→ **WORK REQUEST**
Where the material below has a line containing "integrable (K x)", start repeating exactly, and keep going through the line containing "by (intro prob_space.integral_ge_const)", with no other lines.

┌─ INFORMATION GIVEN

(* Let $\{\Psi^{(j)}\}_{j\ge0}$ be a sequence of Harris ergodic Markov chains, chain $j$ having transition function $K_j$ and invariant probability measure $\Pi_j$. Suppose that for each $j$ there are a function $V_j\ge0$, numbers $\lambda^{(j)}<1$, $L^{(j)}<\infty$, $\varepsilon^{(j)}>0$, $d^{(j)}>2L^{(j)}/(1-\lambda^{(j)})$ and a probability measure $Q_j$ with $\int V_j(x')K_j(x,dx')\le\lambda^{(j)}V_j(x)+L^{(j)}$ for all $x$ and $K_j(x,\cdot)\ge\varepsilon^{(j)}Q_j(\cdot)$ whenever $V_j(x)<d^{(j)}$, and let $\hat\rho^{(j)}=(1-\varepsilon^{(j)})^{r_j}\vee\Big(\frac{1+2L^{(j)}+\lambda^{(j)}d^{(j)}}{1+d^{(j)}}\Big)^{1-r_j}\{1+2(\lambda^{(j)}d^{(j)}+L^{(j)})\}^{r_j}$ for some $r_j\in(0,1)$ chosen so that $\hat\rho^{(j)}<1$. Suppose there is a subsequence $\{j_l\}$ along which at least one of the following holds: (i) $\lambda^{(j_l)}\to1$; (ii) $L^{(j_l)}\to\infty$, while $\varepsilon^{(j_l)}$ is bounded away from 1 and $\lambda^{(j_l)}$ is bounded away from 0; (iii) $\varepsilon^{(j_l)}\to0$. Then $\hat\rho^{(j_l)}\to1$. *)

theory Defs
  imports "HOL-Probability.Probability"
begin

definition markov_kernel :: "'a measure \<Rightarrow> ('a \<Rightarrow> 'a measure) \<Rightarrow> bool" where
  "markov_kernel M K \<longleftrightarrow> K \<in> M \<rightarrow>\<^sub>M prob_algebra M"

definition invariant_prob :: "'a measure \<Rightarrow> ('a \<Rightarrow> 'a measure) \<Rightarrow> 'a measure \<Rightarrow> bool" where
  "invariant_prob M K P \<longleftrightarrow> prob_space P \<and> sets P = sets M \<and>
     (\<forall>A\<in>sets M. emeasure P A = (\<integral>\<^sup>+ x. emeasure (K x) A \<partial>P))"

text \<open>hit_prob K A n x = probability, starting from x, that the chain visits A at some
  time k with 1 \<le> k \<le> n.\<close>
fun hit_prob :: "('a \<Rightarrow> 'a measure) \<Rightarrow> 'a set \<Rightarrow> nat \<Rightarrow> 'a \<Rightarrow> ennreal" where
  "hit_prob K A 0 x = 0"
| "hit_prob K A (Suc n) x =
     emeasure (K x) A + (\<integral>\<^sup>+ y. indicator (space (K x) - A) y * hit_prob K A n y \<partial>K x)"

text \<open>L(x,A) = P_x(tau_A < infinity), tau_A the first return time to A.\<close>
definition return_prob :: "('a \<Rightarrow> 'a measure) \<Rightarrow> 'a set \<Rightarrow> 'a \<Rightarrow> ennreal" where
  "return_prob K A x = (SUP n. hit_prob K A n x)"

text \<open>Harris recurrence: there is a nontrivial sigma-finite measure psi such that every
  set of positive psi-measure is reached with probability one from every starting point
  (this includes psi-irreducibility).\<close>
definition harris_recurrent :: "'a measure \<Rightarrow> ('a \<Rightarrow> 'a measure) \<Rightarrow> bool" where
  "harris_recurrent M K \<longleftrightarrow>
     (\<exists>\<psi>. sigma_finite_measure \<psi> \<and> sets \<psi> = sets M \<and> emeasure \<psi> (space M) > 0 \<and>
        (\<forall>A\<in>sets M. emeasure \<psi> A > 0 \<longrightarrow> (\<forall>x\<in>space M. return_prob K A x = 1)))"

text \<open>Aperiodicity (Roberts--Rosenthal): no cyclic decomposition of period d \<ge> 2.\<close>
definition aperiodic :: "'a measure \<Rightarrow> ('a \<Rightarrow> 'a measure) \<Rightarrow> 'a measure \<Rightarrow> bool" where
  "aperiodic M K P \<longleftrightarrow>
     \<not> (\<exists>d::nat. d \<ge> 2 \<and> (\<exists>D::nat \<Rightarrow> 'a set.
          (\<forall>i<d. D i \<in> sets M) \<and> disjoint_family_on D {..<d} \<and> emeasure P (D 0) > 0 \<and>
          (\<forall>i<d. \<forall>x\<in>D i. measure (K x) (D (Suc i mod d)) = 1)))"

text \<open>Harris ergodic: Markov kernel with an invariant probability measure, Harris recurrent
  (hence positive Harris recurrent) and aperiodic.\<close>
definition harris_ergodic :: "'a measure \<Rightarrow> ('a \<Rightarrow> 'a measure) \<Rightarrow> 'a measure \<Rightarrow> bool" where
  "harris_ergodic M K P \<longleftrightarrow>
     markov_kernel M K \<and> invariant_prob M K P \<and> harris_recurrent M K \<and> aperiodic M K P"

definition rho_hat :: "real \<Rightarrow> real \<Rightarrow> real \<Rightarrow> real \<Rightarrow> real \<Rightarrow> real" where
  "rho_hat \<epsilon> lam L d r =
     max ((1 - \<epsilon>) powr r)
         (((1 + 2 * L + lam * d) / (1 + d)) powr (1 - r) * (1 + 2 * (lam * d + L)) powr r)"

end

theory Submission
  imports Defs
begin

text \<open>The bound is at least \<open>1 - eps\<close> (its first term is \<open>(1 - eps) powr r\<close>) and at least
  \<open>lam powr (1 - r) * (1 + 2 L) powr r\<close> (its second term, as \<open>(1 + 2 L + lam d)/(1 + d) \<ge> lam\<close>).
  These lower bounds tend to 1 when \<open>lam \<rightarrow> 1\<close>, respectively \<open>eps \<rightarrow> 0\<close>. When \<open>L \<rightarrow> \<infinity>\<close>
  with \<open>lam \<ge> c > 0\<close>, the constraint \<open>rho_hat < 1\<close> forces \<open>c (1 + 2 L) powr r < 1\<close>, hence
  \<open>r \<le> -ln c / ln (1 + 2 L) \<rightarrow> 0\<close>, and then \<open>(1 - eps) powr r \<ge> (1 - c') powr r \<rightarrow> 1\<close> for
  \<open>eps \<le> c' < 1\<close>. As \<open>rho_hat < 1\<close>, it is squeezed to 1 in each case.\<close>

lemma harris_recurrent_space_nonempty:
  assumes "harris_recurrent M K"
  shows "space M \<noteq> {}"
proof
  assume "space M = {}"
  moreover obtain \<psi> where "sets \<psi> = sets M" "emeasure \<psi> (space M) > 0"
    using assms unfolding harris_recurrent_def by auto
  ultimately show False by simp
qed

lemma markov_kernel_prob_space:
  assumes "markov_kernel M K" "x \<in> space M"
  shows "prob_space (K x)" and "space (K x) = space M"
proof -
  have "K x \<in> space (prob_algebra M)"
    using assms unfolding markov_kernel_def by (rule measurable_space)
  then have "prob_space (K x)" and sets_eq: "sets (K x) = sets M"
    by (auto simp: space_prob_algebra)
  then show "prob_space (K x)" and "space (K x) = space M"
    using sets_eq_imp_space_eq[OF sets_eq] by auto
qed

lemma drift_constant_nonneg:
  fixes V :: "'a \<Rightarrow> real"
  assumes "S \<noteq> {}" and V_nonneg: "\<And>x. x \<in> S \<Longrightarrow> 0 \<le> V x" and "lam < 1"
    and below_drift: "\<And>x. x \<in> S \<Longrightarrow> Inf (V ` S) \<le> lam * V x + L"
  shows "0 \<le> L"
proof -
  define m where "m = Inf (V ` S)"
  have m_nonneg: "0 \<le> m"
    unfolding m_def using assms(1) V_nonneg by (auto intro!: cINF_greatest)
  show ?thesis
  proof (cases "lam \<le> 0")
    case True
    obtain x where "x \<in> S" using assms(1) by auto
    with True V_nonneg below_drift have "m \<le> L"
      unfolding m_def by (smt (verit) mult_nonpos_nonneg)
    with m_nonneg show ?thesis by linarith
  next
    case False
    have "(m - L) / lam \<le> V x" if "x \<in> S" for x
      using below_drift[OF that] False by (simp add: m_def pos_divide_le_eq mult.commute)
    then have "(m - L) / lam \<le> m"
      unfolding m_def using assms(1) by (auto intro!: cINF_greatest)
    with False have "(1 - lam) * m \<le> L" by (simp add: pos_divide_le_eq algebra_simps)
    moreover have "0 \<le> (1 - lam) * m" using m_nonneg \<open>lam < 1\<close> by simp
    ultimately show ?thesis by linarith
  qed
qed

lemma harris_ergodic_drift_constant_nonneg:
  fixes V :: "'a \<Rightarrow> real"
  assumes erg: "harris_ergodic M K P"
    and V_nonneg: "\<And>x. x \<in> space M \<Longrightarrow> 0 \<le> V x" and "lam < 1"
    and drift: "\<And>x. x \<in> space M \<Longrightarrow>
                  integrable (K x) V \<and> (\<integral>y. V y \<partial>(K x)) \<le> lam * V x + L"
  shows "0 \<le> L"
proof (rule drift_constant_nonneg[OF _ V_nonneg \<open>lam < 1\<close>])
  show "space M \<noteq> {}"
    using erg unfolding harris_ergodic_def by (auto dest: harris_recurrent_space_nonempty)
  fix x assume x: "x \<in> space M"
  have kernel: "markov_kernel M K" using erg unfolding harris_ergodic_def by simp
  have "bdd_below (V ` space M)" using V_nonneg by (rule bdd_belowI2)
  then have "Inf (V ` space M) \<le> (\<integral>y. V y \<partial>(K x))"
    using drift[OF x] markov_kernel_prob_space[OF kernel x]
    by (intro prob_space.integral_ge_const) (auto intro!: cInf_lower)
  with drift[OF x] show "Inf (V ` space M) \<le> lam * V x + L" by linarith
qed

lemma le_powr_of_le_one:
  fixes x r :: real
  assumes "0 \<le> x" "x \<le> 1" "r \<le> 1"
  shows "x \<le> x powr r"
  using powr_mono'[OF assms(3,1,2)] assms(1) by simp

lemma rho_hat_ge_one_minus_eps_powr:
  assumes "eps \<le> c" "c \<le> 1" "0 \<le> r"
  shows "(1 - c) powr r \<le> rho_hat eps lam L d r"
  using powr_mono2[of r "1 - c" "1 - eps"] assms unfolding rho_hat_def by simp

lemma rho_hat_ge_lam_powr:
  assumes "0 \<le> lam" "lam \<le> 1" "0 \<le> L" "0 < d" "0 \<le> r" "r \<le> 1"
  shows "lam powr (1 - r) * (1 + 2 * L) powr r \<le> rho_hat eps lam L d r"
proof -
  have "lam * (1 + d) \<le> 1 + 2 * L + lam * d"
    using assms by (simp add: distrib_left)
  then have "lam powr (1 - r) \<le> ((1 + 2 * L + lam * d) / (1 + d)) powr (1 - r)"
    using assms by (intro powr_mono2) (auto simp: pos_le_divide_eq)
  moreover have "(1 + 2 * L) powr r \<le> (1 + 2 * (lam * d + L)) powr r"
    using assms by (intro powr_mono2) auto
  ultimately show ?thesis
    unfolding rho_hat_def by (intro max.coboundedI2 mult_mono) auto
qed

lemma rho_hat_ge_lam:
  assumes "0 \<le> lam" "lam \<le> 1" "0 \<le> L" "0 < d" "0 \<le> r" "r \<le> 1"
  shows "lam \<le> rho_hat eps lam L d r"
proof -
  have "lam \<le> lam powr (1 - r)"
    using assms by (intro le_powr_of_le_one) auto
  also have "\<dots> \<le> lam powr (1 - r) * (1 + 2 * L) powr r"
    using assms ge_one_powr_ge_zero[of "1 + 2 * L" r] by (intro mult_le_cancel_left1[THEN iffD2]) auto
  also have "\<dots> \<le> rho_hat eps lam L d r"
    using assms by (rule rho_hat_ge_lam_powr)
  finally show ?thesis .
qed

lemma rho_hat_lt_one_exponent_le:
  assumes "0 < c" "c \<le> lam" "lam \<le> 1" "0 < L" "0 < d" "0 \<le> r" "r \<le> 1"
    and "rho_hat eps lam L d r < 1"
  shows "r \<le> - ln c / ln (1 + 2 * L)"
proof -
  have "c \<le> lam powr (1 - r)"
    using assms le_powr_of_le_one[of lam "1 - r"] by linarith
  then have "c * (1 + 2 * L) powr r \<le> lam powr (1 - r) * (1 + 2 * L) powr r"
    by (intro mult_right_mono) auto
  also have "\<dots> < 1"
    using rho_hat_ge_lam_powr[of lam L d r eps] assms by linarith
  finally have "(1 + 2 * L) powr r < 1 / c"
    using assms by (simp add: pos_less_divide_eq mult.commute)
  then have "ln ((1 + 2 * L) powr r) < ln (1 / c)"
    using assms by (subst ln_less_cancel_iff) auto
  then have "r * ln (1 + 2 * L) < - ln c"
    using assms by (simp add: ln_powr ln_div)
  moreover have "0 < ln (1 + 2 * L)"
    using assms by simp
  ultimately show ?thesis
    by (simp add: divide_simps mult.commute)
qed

└─

→ **EXERCISE ANSWER**
                  integrable (K x) V \<and> (\<integral>y. V y \<partial>(K x)) \<le> lam * V x + L"
  shows "0 \<le> L"
proof (rule drift_constant_nonneg[OF _ V_nonneg \<open>lam < 1\<close>])
  show "space M \<noteq> {}"
    using erg unfolding harris_ergodic_def by (auto dest: harris_recurrent_space_nonempty)
  fix x assume x: "x \<in> space M"
  have kernel: "markov_kernel M K" using erg unfolding harris_ergodic_def by simp
  have "bdd_below (V ` space M)" using V_nonneg by (rule bdd_belowI2)
  then have "Inf (V ` space M) \<le> (\<integral>y. V y \<partial>(K x))"
    using drift[OF x] markov_kernel_prob_space[OF kernel x]
    by (intro prob_space.integral_ge_const) (auto intro!: cInf_lower)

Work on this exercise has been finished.